What this task involves: I need the lines below from the one with "sequences of residues" down to the one with "((nat \<Rightarrow> int)" reproduced exactly, both ends included, and nothing else.

Saved data entries:
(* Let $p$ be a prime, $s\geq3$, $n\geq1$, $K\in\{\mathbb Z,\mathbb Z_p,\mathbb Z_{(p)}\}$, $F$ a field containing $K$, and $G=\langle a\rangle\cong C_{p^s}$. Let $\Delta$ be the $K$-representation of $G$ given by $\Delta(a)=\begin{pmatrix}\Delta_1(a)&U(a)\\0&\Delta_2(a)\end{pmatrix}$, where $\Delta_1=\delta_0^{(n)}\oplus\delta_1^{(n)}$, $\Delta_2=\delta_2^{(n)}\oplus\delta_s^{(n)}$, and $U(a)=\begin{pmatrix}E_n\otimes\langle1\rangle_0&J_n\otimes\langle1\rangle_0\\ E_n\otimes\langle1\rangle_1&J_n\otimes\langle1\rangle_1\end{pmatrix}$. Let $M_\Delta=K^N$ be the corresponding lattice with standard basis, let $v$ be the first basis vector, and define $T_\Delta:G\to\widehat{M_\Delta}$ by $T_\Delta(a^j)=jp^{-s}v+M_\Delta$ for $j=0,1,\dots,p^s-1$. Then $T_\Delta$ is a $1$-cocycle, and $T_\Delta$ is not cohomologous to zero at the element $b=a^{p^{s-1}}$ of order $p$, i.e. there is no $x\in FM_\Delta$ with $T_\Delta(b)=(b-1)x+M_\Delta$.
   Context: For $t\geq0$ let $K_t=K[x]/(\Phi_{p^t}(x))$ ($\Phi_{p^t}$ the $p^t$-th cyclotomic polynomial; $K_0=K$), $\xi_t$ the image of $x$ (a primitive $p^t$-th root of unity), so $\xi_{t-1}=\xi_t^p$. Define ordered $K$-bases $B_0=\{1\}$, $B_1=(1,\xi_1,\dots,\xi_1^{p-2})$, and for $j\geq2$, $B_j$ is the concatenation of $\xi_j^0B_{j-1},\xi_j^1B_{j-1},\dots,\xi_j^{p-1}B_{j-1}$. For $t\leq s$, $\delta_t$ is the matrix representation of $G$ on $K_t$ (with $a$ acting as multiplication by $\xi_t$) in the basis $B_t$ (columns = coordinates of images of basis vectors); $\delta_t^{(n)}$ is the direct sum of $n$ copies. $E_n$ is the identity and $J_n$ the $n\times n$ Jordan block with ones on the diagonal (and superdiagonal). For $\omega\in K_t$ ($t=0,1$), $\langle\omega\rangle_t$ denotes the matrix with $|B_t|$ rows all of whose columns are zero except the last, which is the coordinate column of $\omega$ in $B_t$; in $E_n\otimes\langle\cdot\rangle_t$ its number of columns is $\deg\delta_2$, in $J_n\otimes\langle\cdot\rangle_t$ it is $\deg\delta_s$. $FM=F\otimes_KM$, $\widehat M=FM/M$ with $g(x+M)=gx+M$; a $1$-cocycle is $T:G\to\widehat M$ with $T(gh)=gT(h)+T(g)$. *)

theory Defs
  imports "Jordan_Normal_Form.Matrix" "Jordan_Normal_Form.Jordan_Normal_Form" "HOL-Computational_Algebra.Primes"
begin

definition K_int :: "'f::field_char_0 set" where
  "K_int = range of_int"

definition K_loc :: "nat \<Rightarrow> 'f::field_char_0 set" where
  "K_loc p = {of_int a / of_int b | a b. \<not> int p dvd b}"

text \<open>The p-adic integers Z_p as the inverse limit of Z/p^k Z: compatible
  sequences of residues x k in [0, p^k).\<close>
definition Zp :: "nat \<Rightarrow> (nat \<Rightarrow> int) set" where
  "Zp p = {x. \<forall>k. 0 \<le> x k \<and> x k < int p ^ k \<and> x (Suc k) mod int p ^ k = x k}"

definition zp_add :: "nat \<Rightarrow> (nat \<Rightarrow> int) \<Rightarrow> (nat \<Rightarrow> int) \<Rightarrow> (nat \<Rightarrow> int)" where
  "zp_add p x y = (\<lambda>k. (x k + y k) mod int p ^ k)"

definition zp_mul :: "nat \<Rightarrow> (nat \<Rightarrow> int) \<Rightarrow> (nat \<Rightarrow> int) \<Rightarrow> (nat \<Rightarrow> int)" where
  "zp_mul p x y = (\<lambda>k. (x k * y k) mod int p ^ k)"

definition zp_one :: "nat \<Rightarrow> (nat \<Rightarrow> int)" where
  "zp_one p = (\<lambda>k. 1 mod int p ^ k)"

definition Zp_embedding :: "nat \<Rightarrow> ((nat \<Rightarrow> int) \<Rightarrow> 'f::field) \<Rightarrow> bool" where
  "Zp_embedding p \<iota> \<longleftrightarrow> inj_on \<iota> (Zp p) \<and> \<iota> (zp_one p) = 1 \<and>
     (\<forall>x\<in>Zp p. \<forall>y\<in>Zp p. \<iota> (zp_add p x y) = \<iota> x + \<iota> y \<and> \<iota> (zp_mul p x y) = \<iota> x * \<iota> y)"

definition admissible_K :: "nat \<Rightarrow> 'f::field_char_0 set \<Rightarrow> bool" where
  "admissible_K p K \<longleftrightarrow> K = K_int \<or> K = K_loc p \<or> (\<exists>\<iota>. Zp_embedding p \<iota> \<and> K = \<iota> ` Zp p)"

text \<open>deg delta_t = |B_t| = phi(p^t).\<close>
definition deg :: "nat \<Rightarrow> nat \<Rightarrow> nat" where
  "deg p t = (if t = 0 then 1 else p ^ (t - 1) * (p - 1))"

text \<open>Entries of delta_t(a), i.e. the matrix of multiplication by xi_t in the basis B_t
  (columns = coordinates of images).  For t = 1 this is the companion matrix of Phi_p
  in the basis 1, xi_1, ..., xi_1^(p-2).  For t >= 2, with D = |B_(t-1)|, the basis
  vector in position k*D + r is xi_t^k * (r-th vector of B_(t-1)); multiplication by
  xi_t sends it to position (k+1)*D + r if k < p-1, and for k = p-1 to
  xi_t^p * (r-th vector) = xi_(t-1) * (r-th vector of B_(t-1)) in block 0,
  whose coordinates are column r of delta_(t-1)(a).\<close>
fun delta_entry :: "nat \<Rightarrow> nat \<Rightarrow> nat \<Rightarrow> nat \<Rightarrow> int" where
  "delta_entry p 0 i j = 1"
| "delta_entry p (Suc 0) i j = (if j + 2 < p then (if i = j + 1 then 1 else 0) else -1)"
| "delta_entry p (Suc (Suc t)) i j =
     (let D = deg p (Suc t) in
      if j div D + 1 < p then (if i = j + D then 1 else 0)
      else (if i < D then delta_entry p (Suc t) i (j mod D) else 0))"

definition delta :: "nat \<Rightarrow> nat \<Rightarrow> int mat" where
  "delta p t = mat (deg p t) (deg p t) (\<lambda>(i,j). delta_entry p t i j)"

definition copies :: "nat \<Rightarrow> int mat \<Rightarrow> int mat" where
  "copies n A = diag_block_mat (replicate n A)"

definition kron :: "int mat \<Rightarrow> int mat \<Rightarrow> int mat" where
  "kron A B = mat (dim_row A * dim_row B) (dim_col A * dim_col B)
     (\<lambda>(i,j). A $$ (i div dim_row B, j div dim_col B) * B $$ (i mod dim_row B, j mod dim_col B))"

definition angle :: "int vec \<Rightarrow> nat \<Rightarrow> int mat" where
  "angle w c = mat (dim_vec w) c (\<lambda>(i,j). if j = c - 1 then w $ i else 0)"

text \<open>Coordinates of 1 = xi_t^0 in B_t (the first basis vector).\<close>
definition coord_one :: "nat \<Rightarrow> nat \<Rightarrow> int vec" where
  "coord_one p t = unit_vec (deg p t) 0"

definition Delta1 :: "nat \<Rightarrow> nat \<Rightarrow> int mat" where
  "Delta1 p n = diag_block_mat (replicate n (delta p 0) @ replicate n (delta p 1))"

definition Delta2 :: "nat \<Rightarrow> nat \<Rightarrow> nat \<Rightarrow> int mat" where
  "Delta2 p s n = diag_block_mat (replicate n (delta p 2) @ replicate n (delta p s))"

The answer:
  sequences of residues x k in [0, p^k).\<close>
definition Zp :: "nat \<Rightarrow> (nat \<Rightarrow> int) set" where
  "Zp p = {x. \<forall>k. 0 \<le> x k \<and> x k < int p ^ k \<and> x (Suc k) mod int p ^ k = x k}"

definition zp_add :: "nat \<Rightarrow> (nat \<Rightarrow> int) \<Rightarrow> (nat \<Rightarrow> int) \<Rightarrow> (nat \<Rightarrow> int)" where
  "zp_add p x y = (\<lambda>k. (x k + y k) mod int p ^ k)"

definition zp_mul :: "nat \<Rightarrow> (nat \<Rightarrow> int) \<Rightarrow> (nat \<Rightarrow> int) \<Rightarrow> (nat \<Rightarrow> int)" where
  "zp_mul p x y = (\<lambda>k. (x k * y k) mod int p ^ k)"

definition zp_one :: "nat \<Rightarrow> (nat \<Rightarrow> int)" where
  "zp_one p = (\<lambda>k. 1 mod int p ^ k)"

definition Zp_embedding :: "nat \<Rightarrow> ((nat \<Rightarrow> int) \<Rightarrow> 'f::field) \<Rightarrow> bool" where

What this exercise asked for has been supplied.